Collected data entries —
+++

lemma lin_null_majorant_bounded_below:
  fixes \<phi> :: "('a::t2_space \<Rightarrow> complex) \<Rightarrow> complex"
  assumes cpt: "compact (UNIV::'a set)" and ph: "lin_on_CK \<phi>"
    and C: "compact C" "C \<inter> msupp \<phi> = {}"
  obtains h \<delta> where "continuous_on UNIV h" "\<And>x. 0 \<le> h x" "\<phi> (\<lambda>x. complex_of_real (h x)) = 0"
    "0 < \<delta>" "\<And>x. x \<in> C \<Longrightarrow> \<delta> \<le> h x"
proof -
  obtain h where h: "continuous_on UNIV h" "\<forall>x. 0 \<le> h x" "\<phi> (\<lambda>x. complex_of_real (h x)) = 0"
      and h_pos: "\<forall>x\<in>C. 0 < h x"
    by (rule lin_null_majorant[OF cpt ph C])
  show ?thesis
  proof (cases "C = {}")
    case True
    then show ?thesis using h by (intro that[of h 1]) auto
  next
    case False
    then obtain x0 where "x0 \<in> C" "\<And>y. y \<in> C \<Longrightarrow> h x0 \<le> h y"
      using continuous_attains_inf[OF C(1) _ continuous_on_subset[OF h(1)]] by blast
    then show ?thesis using h h_pos by (intro that[of h "h x0"]) auto
  qed
qed

lemma positive_lin_eq_0_off_msupp:
  fixes \<phi> :: "('a::t2_space \<Rightarrow> complex) \<Rightarrow> complex"
  assumes cpt: "compact (UNIV::'a set)" and ph: "positive_lin \<phi>" and f: "f \<in> CK"
    and disj: "closure {x. f x \<noteq> 0} \<inter> msupp \<phi> = {}"
  shows "\<phi> f = 0"
proof -
  have "compact (closure {x. f x \<noteq> 0})" using compact_Int_closed[OF cpt closed_closure] by simp
  then obtain h \<delta> where h: "continuous_on UNIV h" "\<And>x. 0 \<le> h x" "\<phi> (\<lambda>x. complex_of_real (h x)) = 0"
      and \<delta>: "0 < \<delta>" "\<And>x. x \<in> closure {x. f x \<noteq> 0} \<Longrightarrow> \<delta> \<le> h x"
    using lin_null_majorant_bounded_below[OF cpt positive_lin_lin[OF ph] _ disj] by blast
  have "\<delta> \<le> h x" if "f x \<noteq> 0" for x
    using \<delta>(2)[OF subsetD[OF closure_subset]] that by simp
  then show ?thesis by (rule positive_lin_eq_0_if_null_majorant[OF cpt ph f h \<delta>(1)])
qed

lemma positive_lin_eq_0_if_vanishes_on_msupp:
  fixes \<phi> :: "('a::t2_space \<Rightarrow> complex) \<Rightarrow> complex"
  assumes cpt: "compact (UNIV::'a set)" and ph: "positive_lin \<phi>" and f: "nonneg_CK f"
    and vanish: "\<And>x. x \<in> msupp \<phi> \<Longrightarrow> f x = 0"
  shows "\<phi> f = 0"
proof -
  define r where "r x = Re (f x)" for x
  have f_eq: "f = (\<lambda>x. complex_of_real (r x))" unfolding r_def by (rule nonneg_CK_eq_of_real[OF f])
  have r_cont: "continuous_on UNIV r" unfolding r_def using CK_continuous_Re[OF nonneg_CK_CK[OF f]] .
  have r_vanish: "r x = 0" if "x \<in> msupp \<phi>" for x using vanish[OF that] by (simp add: r_def)
  define b where "b = Re (\<phi> (\<lambda>_. 1))"
  have b: "0 \<le> b" unfolding b_def using positive_lin_nonneg[OF ph nonneg_CK_of_real[of "\<lambda>_. 1"]] by simp
  \<comment> \<open>\<open>f \<le> max (f - \<epsilon>) 0 + \<epsilon>\<close>, and the first summand vanishes near the support\<close>
  have le: "Re (\<phi> f) \<le> \<epsilon> * b" if \<epsilon>: "0 < \<epsilon>" for \<epsilon>
  proof -
    define s where "s = (\<lambda>x. max (r x - \<epsilon>) 0)"
    have s_cont: "continuous_on UNIV s" unfolding s_def using r_cont by (intro continuous_intros)
    have "closure {x. s x \<noteq> 0} \<subseteq> {x. \<epsilon> \<le> r x}"
      by (rule closure_minimal) (force simp: s_def, intro closed_Collect_le continuous_on_const r_cont)
    moreover have "{x. \<epsilon> \<le> r x} \<inter> msupp \<phi> = {}" using r_vanish \<epsilon> by force
    ultimately have "\<phi> (\<lambda>x. complex_of_real (s x)) = 0"
      by (intro positive_lin_eq_0_off_msupp[OF cpt ph CK_of_real[OF s_cont]]) auto
    moreover have "Re (\<phi> f) \<le> Re (\<phi> (\<lambda>x. complex_of_real (s x + \<epsilon>)))"
      unfolding f_eq
      by (rule positive_lin_mono[OF ph r_cont continuous_on_add[OF s_cont continuous_on_const]])
        (simp add: s_def)
    moreover have "\<phi> (\<lambda>x. complex_of_real (s x + \<epsilon>)) =
        \<phi> (\<lambda>x. complex_of_real (s x)) + complex_of_real \<epsilon> * \<phi> (\<lambda>_. 1)"
      using lin_on_CK_add[OF positive_lin_lin[OF ph] CK_of_real[OF s_cont], of "\<lambda>x. complex_of_real \<epsilon>"]
        lin_on_CK_const[OF positive_lin_lin[OF ph], of "complex_of_real \<epsilon>"] by simp
    ultimately show ?thesis by (simp add: b_def)
  qed
  have "Re (\<phi> f) \<le> 0"
  proof (rule field_le_epsilon)
    fix e :: real assume "0 < e"
    then have "Re (\<phi> f) \<le> e / (b + 1) * b" using b by (intro le) simp
    also have "\<dots> \<le> e" using \<open>0 < e\<close> b by (simp add: field_simps)
    finally show "Re (\<phi> f) \<le> 0 + e" by simp
  qed
  then have "Re (\<phi> f) = 0" using positive_lin_nonneg[OF ph f] by linarith
  then show ?thesis using positive_lin_nonneg[OF ph f] by (metis of_real_0)
qed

+++

Filter the entries and keep only the lines holding "blast".

      using continuous_attains_inf[OF C(1) _ continuous_on_subset[OF h(1)]] by blast
    using lin_null_majorant_bounded_below[OF cpt positive_lin_lin[OF ph] _ disj] by blast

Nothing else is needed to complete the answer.